Return, from the lines below, each one that includes the word "lemma".

+++++

lemma omg_eq_sum_axis: "omg p = (\<Sum>i\<in>UNIV - {0}. omg p $ i *\<^sub>R axis i 1)"
  using basis_expansion[of "omg p"]
  by (simp add: sum_4_from_zero sum_spatial_4 omg_nth_0 scalar_mult_eq_scaleR)

lemma abs_Lv_nth_le: "rad p > 0 \<Longrightarrow> \<bar>Lv p $ a\<bar> \<le> 1"
  using abs_omg_nth_le[of p a] omg_nth_0[of p] by (cases "a = 0") (auto simp: Lv_nth e0_nth)

lemma abs_Lbv_nth_le: "rad p > 0 \<Longrightarrow> \<bar>Lbv p $ a\<bar> \<le> 1"
  using abs_omg_nth_le[of p a] omg_nth_0[of p] by (cases "a = 0") (auto simp: Lbv_nth e0_nth)

lemma abs_qv_nth_le: "rad p > 0 \<Longrightarrow> \<bar>qv p $ a\<bar> \<le> 1"
  using abs_omg_nth_le[of p a] by (auto simp: qv_nth e0_nth)

lemma abs_nth_le_1: "norm (S::real^4) = 1 \<Longrightarrow> \<bar>S $ a\<bar> \<le> 1"
  using component_le_norm_cart[of S a] by simp

lemma rad_has_real_derivative:
  assumes "rad p > 0"
  shows "((\<lambda>h. rad (p + h *\<^sub>R v)) has_real_derivative (omg p \<bullet> spat v)) (at 0)"
proof -
  have "spat p \<noteq> 0" using assms by (auto simp: rad_def)
  have "((\<lambda>h. norm (spat p + h *\<^sub>R spat v)) has_real_derivative (sgn (spat p) \<bullet> spat v)) (at 0)"
    using has_real_derivative_along_line[of norm "\<lambda>y. y \<bullet> sgn (spat p)" "spat p" 0 "spat v"]
      has_derivative_norm[OF \<open>spat p \<noteq> 0\<close>] by (simp add: inner_commute)
  moreover have "sgn (spat p) = omg p"
    by (simp add: sgn_div_norm omg_def rad_def divide_inverse_commute)
  ultimately show ?thesis by (simp add: rad_def spat_add spat_scaleR)
qed

definition omg_dirv :: "real^4 \<Rightarrow> real^4 \<Rightarrow> 4 \<Rightarrow> real" where
  "omg_dirv v p k = (spat v $ k - (omg p \<bullet> spat v) * omg p $ k) / rad p"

+++++

> [Response to the task]:
lemma omg_eq_sum_axis: "omg p = (\<Sum>i\<in>UNIV - {0}. omg p $ i *\<^sub>R axis i 1)"
lemma abs_Lv_nth_le: "rad p > 0 \<Longrightarrow> \<bar>Lv p $ a\<bar> \<le> 1"
lemma abs_Lbv_nth_le: "rad p > 0 \<Longrightarrow> \<bar>Lbv p $ a\<bar> \<le> 1"
lemma abs_qv_nth_le: "rad p > 0 \<Longrightarrow> \<bar>qv p $ a\<bar> \<le> 1"
lemma abs_nth_le_1: "norm (S::real^4) = 1 \<Longrightarrow> \<bar>S $ a\<bar> \<le> 1"
lemma rad_has_real_derivative:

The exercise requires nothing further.